Als „Kirche in der Region" handelt das Dekanat in und mit der regionalen Gesellschaft, wie vorhin bereits angesprochen wurde. Das geschieht, indem die für Kirche in unserer Gesellschaft konstituierenden Handlungsfelder (alle!) aufgefaltet und entwickelt werden. Nämlich: das Handlungsfeld Gottesdienst und Verkündigung, das Handlungsfeld Seelsorge und Beratung, das Handlungsfeld Bildung - Erziehung - Arbeit mit Zielgruppen, das Handlungsfeld Ökumene und Dialog der Religionen, das Handlungsfeld Gesellschaftliche Verantwortung und Diakonie. Hinzutreten die Verantwortungen für Öffentlichkeitsarbeit und für Personal-/Organisationsentwicklung, sowie für Verwaltung und Leitung. (Übrigens ist das gleiche, volle Handlungsprogramm auch auf der lokalen Ebene, also in den Kirchengemeinden, auf deren Weise zu entwickeln.)

Das Dekanat als „Kirche in der Region" trägt eine besondere, d.h. kirchenspezifische Aufgabe. Es muss nämlich darauf Acht haben, dass sich die Handlungsfelder am kirchlichen Auftrag orientieren.

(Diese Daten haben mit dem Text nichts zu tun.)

lemma rejecting_fusion:
  assumes "decides F Q"
    and "rejects F {} Q" "infinite Q"
  shows "\<exists>R\<subseteq>Q. infinite R \<and> (\<forall>a. finite a \<and> a \<subseteq> R \<longrightarrow> rejects F a (set_after Q a))"
proof -
  define G where "G a A \<longleftrightarrow> (a \<subseteq> Q \<and> rejects F a (set_after Q a) \<longrightarrow>
      (\<forall>n\<in>A \<inter> Q. rejects F (insert n a) (set_after Q (insert n a))))" for a A
  have "dense_hereditary G"
  proof
    show "G a B" if "G a A" "B \<subseteq> A" for a A B
      using that unfolding G_def by blast
    show "\<exists>B\<subseteq>A. infinite B \<and> G a B" if "finite a" "infinite A" "set_less a A" for a A
    proof (cases "a \<subseteq> Q \<and> rejects F a (set_after Q a)")
      case True
      let ?S = "{n \<in> set_after Q a. \<not> rejects F (insert n a) (set_after Q (insert n a))}"
      have "finite ?S"
        using finitely_many_unrejected_extensions[OF assms(1)] that(1) True by blast
      then have "infinite (A - ?S)"
        using that(2) by (simp add: Diff_infinite_finite)
      moreover have "G a (A - ?S)"
        using that(3) unfolding G_def set_less_def set_after_def by blast
      ultimately show ?thesis by blast
    qed (use that in \<open>auto simp: G_def\<close>)
  qed
  from dense_hereditary.diagonal_fusion[OF this assms(3)]
  obtain R where R: "R \<subseteq> Q" "infinite R" "\<And>a. finite a \<Longrightarrow> a \<subseteq> R \<Longrightarrow> G a (set_after R a)"
    by blast
  have "a \<subseteq> R \<longrightarrow> rejects F a (set_after Q a)" if "finite a" for a
    using that
  proof (induction a rule: finite_linorder_max_induct)
    case empty
    then show ?case using assms(2) by simp
  next
    case (insert b a)
    show ?case
    proof
      assume ba: "insert b a \<subseteq> R"
      then have "b \<in> set_after R a \<inter> Q"
        using insert.hyps(2) R(1) unfolding set_after_def by auto
      then show "rejects F (insert b a) (set_after Q (insert b a))"
        using insert R(1,3) ba unfolding G_def by blast
    qed
  qed
  then show ?thesis
    using R(1,2) by blast
qed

Es wird dafür Sorge tragen, dass sich die Handlungsfelder öffentlich erkenn- bar mit der EKHN verbinden und in erfahrbarem Zusammenhang mit der Institution der Evangeliumsverkündigung und -feier (sc. dem Gottesdienst) stehen. Es wird darauf achten, dass die Handlungsfelder sich selbst verantwortlich und zuverlässig am kirchlichen Auftrag ausrichten. Mit diesem allen hält es die Handlungsfelder dazu an, ihren Beitrag dafür zu leisten, dass (potentielle) Glieder der Kirche in ihrer Zeugnisaufgabe für die Welt unterstützt werden.

Gerade dieser zuletzt genannte Aspekt der Aufgabenwahrnehmung muss auch im Zentrum der dekanatlichen Verantwortung stehen. Über die Pflege und Förderung einer Vielfalt von evangelischer Glaubens- und Lebenspraxis im Dekanatsgebiet und über deren Zugänglichkeit für viele Menschen trägt das Dekanat dazu bei, dass viele für viele die Botschaft des Evangeliums von Jesus Christus in Wort und Tat weitergeben.

Das Dekanat hat die Aufgabe, die Kirchengemeinden und kirchlichen Dienste in der Region so miteinander zu vernetzen, dass diese sich in der Gemeinschaft des Dienstes gestärkt erfahren können und koordiniert handeln können. Denn es geht ja sowohl um das Ausrichten der evangelisch-christlichen Botschaft in Wort und Tat auf eine Weise, dass es mit dem gleichen Tenor, dem gleichen Klang, der gleichen Haltung repräsentiert, was Gott in Jesus Christus und seiner Kirche an Barmherzigkeit und Freiheit den Menschen zugewendet hat bzw. zuwenden will, - als auch geht es um den rechten und zielorientierten Einsatz der Gnadengaben und Gaben, also um die rechte Haushalterschaft im Erfüllen des kirchlichen Auftrags.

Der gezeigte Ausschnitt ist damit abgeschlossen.